(* Let $\mu,q$ be positive integers with $q\ge 2$. There is a bijection between the set of isomorphism classes of symmetric $(\mu,q)$-nets and the set of equivalence classes of codes $C\subseteq[q]^{\mu q}$ with $|C|=\mu q^2$ and minimum Hamming distance at least $\mu q-\mu$.
   Context: $[q]=\{0,\dots,q-1\}$; the Hamming distance of two words is the number of coordinates in which they differ. A symmetric $(\mu,q)$-net is a pair $(X,\mathcal B)$ where $X$ is a set of $\mu q^2$ points and $\mathcal B$ is a collection of subsets of $X$ of size $\mu q$ (blocks) such that: (s1) $\mathcal B$ can be partitioned into $\mu q$ classes (block parallel classes), each of which is a partition of $X$; (s2) any two blocks belonging to different block parallel classes intersect in exactly $\mu$ points; (s3) $X$ can be partitioned into $\mu q$ sets of $q$ points (point parallel classes) such that any two points from different point parallel classes lie together in exactly $\mu$ blocks, while two distinct points from the same point parallel class lie together in no block. Two symmetric nets $(X,\mathcal B)$ and $(X',\mathcal B')$ are isomorphic if there is a bijection $\phi:X\to X'$ with $\{\phi(B):B\in\mathcal B\}=\mathcal B'$. Two codes $C,D\subseteq[q]^n$ are equivalent if $D$ is obtained from $C$ by permuting the $n$ coordinates and then applying, in each coordinate separately, a permutation of the symbols $[q]$. *)

theory Defs
  imports Main "HOL-Library.Disjoint_Sets" "HOL-Combinatorics.Permutations"
begin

------------

=== About this exercise ===
Set down each entry above again exactly as it reads.

=== Result ===
(* Let $\mu,q$ be positive integers with $q\ge 2$. There is a bijection between the set of isomorphism classes of symmetric $(\mu,q)$-nets and the set of equivalence classes of codes $C\subseteq[q]^{\mu q}$ with $|C|=\mu q^2$ and minimum Hamming distance at least $\mu q-\mu$.
   Context: $[q]=\{0,\dots,q-1\}$; the Hamming distance of two words is the number of coordinates in which they differ. A symmetric $(\mu,q)$-net is a pair $(X,\mathcal B)$ where $X$ is a set of $\mu q^2$ points and $\mathcal B$ is a collection of subsets of $X$ of size $\mu q$ (blocks) such that: (s1) $\mathcal B$ can be partitioned into $\mu q$ classes (block parallel classes), each of which is a partition of $X$; (s2) any two blocks belonging to different block parallel classes intersect in exactly $\mu$ points; (s3) $X$ can be partitioned into $\mu q$ sets of $q$ points (point parallel classes) such that any two points from different point parallel classes lie together in exactly $\mu$ blocks, while two distinct points from the same point parallel class lie together in no block. Two symmetric nets $(X,\mathcal B)$ and $(X',\mathcal B')$ are isomorphic if there is a bijection $\phi:X\to X'$ with $\{\phi(B):B\in\mathcal B\}=\mathcal B'$. Two codes $C,D\subseteq[q]^n$ are equivalent if $D$ is obtained from $C$ by permuting the $n$ coordinates and then applying, in each coordinate separately, a permutation of the symbols $[q]$. *)

theory Defs
  imports Main "HOL-Library.Disjoint_Sets" "HOL-Combinatorics.Permutations"
begin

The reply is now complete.